-------- DATASET RECORDS

(* Let $\mathbf U$ be a real $3\times3$ positive-definite symmetric matrix, let $\hat{\mathbf e}\in\mathbb R^3$ with $|\hat{\mathbf e}|=1$, and define $\hat{\mathbf U}=(-\mathbf I+2\hat{\mathbf e}\otimes\hat{\mathbf e})\mathbf U(-\mathbf I+2\hat{\mathbf e}\otimes\hat{\mathbf e})$. Let $\hat{\mathbf R}\in\mathrm{SO}(3)$ and $\mathbf a,\mathbf n\in\mathbb R^3$ with $\mathbf a\neq 0$, $\mathbf n\neq0$ satisfy $\hat{\mathbf R}\hat{\mathbf U}=\mathbf U+\mathbf a\otimes\mathbf n$. Then the equation $$\mathbf R\big[f(\mathbf U+\mathbf a\otimes\mathbf n)+(1-f)\mathbf U\big]-\mathbf I=\mathbf b\otimes\mathbf m$$ has a solution $\mathbf R\in\mathrm{SO}(3)$, $\mathbf b,\mathbf m\in\mathbb R^3$ for each $f\in[0,1]$ if and only if the following three conditions hold: (CC1) $\lambda_2=1$, where $\lambda_2$ is the middle eigenvalue of $\mathbf U$; (CC2) $\mathbf a\cdot\mathbf U\,\mathrm{cof}(\mathbf U^2-\mathbf I)\,\mathbf n=0$; (CC3) $\mathrm{tr}\,\mathbf U^2-\det\mathbf U^2-\frac{|\mathbf a|^2|\mathbf n|^2}{4}-2\ge 0$.
   Context: $\mathbf a\otimes\mathbf n$ denotes the matrix with $(\mathbf a\otimes\mathbf n)\mathbf x=(\mathbf n\cdot\mathbf x)\mathbf a$. For a $3\times3$ matrix $\mathbf A$, $\mathrm{cof}\,\mathbf A$ is its cofactor matrix, $(\mathrm{cof}\,\mathbf A)_{ij}=(-1)^{i+j}\det\hat{\mathbf A}_{ij}$, where $\hat{\mathbf A}_{ij}$ is the submatrix obtained by deleting row $i$ and column $j$. Conditions (CC1)–(CC3) are called the cofactor conditions. *)

theory Defs
  imports "HOL-Analysis.Analysis"
begin

definition tensor :: "real^'n \<Rightarrow> real^'m \<Rightarrow> real^'m^'n" where
  "tensor a n = (\<chi> i j. a $ i * n $ j)"

definition SO3 :: "(real^3^3) set" where
  "SO3 = {R. orthogonal_matrix R \<and> det R = 1}"

definition minor2 :: "real^3^3 \<Rightarrow> 3 \<Rightarrow> 3 \<Rightarrow> 3 \<Rightarrow> 3 \<Rightarrow> real" where
  "minor2 A r1 r2 c1 c2 = A$r1$c1 * A$r2$c2 - A$r1$c2 * A$r2$c1"

definition cof3 :: "real^3^3 \<Rightarrow> real^3^3" where
  "cof3 A = vector [
     vector [  minor2 A 2 3 2 3, - minor2 A 2 3 1 3,   minor2 A 2 3 1 2],
     vector [- minor2 A 1 3 2 3,   minor2 A 1 3 1 3, - minor2 A 1 3 1 2],
     vector [  minor2 A 1 2 2 3, - minor2 A 1 2 1 3,   minor2 A 1 2 1 2]]"

definition middle_eigenvalue :: "real^3^3 \<Rightarrow> real" where
  "middle_eigenvalue U = (THE l2. \<exists>l1 l3. l1 \<le> l2 \<and> l2 \<le> l3 \<and>
      (\<forall>t. det (U - mat t) = (l1 - t) * (l2 - t) * (l3 - t)))"

definition sym_posdef :: "real^3^3 \<Rightarrow> bool" where
  "sym_posdef U \<longleftrightarrow> transpose U = U \<and> (\<forall>x. x \<noteq> 0 \<longrightarrow> x \<bullet> (U *v x) > 0)"

end

theory Submission
  imports Defs
begin

text \<open>
  By Ball and James, for \<open>det F > 0\<close> the equation \<open>R F - I = b \<otimes> m\<close> has a solution
  \<open>R \<in> SO(3)\<close> iff the middle eigenvalue of \<open>C = F\<^sup>T F\<close> is 1, i.e. iff \<open>det (C - I) = 0\<close>
  and the sum \<open>\<sigma>\<^sub>2\<close> of the principal 2 by 2 minors of \<open>C - I\<close> is \<open>\<le> 0\<close>.
  For \<open>F = U + f a \<otimes> n\<close> we have \<open>C - I = (U\<^sup>2 - I) + n \<otimes> v + v \<otimes> n\<close> with
  \<open>v = f U a + f\<^sup>2 |a|\<^sup>2 n / 2\<close>, so both invariants are quadratic in \<open>f\<close>.
  The twinning equation makes \<open>C\<close> at \<open>f = 1\<close> conjugate to \<open>U\<^sup>2\<close>, so each invariant takes
  the same value at \<open>f = 0\<close> and \<open>f = 1\<close> and has the form \<open>g\<^sub>0 + g\<^sub>1 (f - f\<^sup>2)\<close>.
  For the determinant, \<open>g\<^sub>1\<close> is twice the expression in (CC2); once it vanishes,
  \<open>U\<^sup>-\<^sup>1 a\<close> is an eigenvector for the eigenvalue \<open>-1\<close> of \<open>U\<^sup>2 - I - (U a) \<otimes> (U a) / |a|\<^sup>2\<close>,
  which makes the coefficient \<open>g\<^sub>1\<close> of \<open>\<sigma>\<^sub>2\<close> equal to \<open>|a|\<^sup>2 |n|\<^sup>2\<close>.
  Evaluating at \<open>f = 0\<close> and \<open>f = 1/2\<close> gives (CC1)-(CC3).
\<close>

unbundle cross3_syntax

section \<open>Invariants of 3 by 3 matrices\<close>

definition second_invariant :: "real^3^3 \<Rightarrow> real" where
  "second_invariant M = minor2 M 1 2 1 2 + minor2 M 1 3 1 3 + minor2 M 2 3 2 3"

lemmas matrix3_simps = vec_eq_iff forall_3 sum_3 vector_3 inner_vec_def det_3 mat_def transpose_def
  trace_def matrix_matrix_mult_def matrix_vector_mult_def tensor_def cross3_def cof3_def minor2_def
  second_invariant_def

lemma vec3_cases:
  fixes v :: "real^3"
  obtains x1 x2 x3 where "v = vector [x1, x2, x3]"
proof -
  have "v = vector [v$1, v$2, v$3]" by (simp add: vec_eq_iff forall_3)
  then show ?thesis using that by blast
qed

lemma symmetric_matrix3_cases:
  fixes M :: "real^3^3"
  assumes "transpose M = M"
  obtains a b c d e f where "M = vector [vector [a, b, c], vector [b, d, e], vector [c, e, f]]"
proof -
  have "M$i$j = M$j$i" for i j
    using arg_cong[OF assms, of "\<lambda>A. A$j$i"] by (simp add: transpose_def)
  then have "M = vector [vector [M$1$1, M$1$2, M$1$3], vector [M$1$2, M$2$2, M$2$3],
      vector [M$1$3, M$2$3, M$3$3]]"
    by (simp add: vec_eq_iff forall_3)
  then show ?thesis using that by blast
qed

lemma mat_eq_scaleR_id: "mat k = k *\<^sub>R (mat 1 :: real^'n^'n)"
  by (simp add: vec_eq_iff mat_def)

----------------

WHAT TO WORK ON ▸ Reproduce every line of the entries above, unchanged, from the very first one down to and including the line containing "orthogonal_matrix R \<and>".

RESPONSE BELOW ▸
(* Let $\mathbf U$ be a real $3\times3$ positive-definite symmetric matrix, let $\hat{\mathbf e}\in\mathbb R^3$ with $|\hat{\mathbf e}|=1$, and define $\hat{\mathbf U}=(-\mathbf I+2\hat{\mathbf e}\otimes\hat{\mathbf e})\mathbf U(-\mathbf I+2\hat{\mathbf e}\otimes\hat{\mathbf e})$. Let $\hat{\mathbf R}\in\mathrm{SO}(3)$ and $\mathbf a,\mathbf n\in\mathbb R^3$ with $\mathbf a\neq 0$, $\mathbf n\neq0$ satisfy $\hat{\mathbf R}\hat{\mathbf U}=\mathbf U+\mathbf a\otimes\mathbf n$. Then the equation $$\mathbf R\big[f(\mathbf U+\mathbf a\otimes\mathbf n)+(1-f)\mathbf U\big]-\mathbf I=\mathbf b\otimes\mathbf m$$ has a solution $\mathbf R\in\mathrm{SO}(3)$, $\mathbf b,\mathbf m\in\mathbb R^3$ for each $f\in[0,1]$ if and only if the following three conditions hold: (CC1) $\lambda_2=1$, where $\lambda_2$ is the middle eigenvalue of $\mathbf U$; (CC2) $\mathbf a\cdot\mathbf U\,\mathrm{cof}(\mathbf U^2-\mathbf I)\,\mathbf n=0$; (CC3) $\mathrm{tr}\,\mathbf U^2-\det\mathbf U^2-\frac{|\mathbf a|^2|\mathbf n|^2}{4}-2\ge 0$.
   Context: $\mathbf a\otimes\mathbf n$ denotes the matrix with $(\mathbf a\otimes\mathbf n)\mathbf x=(\mathbf n\cdot\mathbf x)\mathbf a$. For a $3\times3$ matrix $\mathbf A$, $\mathrm{cof}\,\mathbf A$ is its cofactor matrix, $(\mathrm{cof}\,\mathbf A)_{ij}=(-1)^{i+j}\det\hat{\mathbf A}_{ij}$, where $\hat{\mathbf A}_{ij}$ is the submatrix obtained by deleting row $i$ and column $j$. Conditions (CC1)–(CC3) are called the cofactor conditions. *)

theory Defs
  imports "HOL-Analysis.Analysis"
begin

definition tensor :: "real^'n \<Rightarrow> real^'m \<Rightarrow> real^'m^'n" where
  "tensor a n = (\<chi> i j. a $ i * n $ j)"

definition SO3 :: "(real^3^3) set" where
  "SO3 = {R. orthogonal_matrix R \<and> det R = 1}"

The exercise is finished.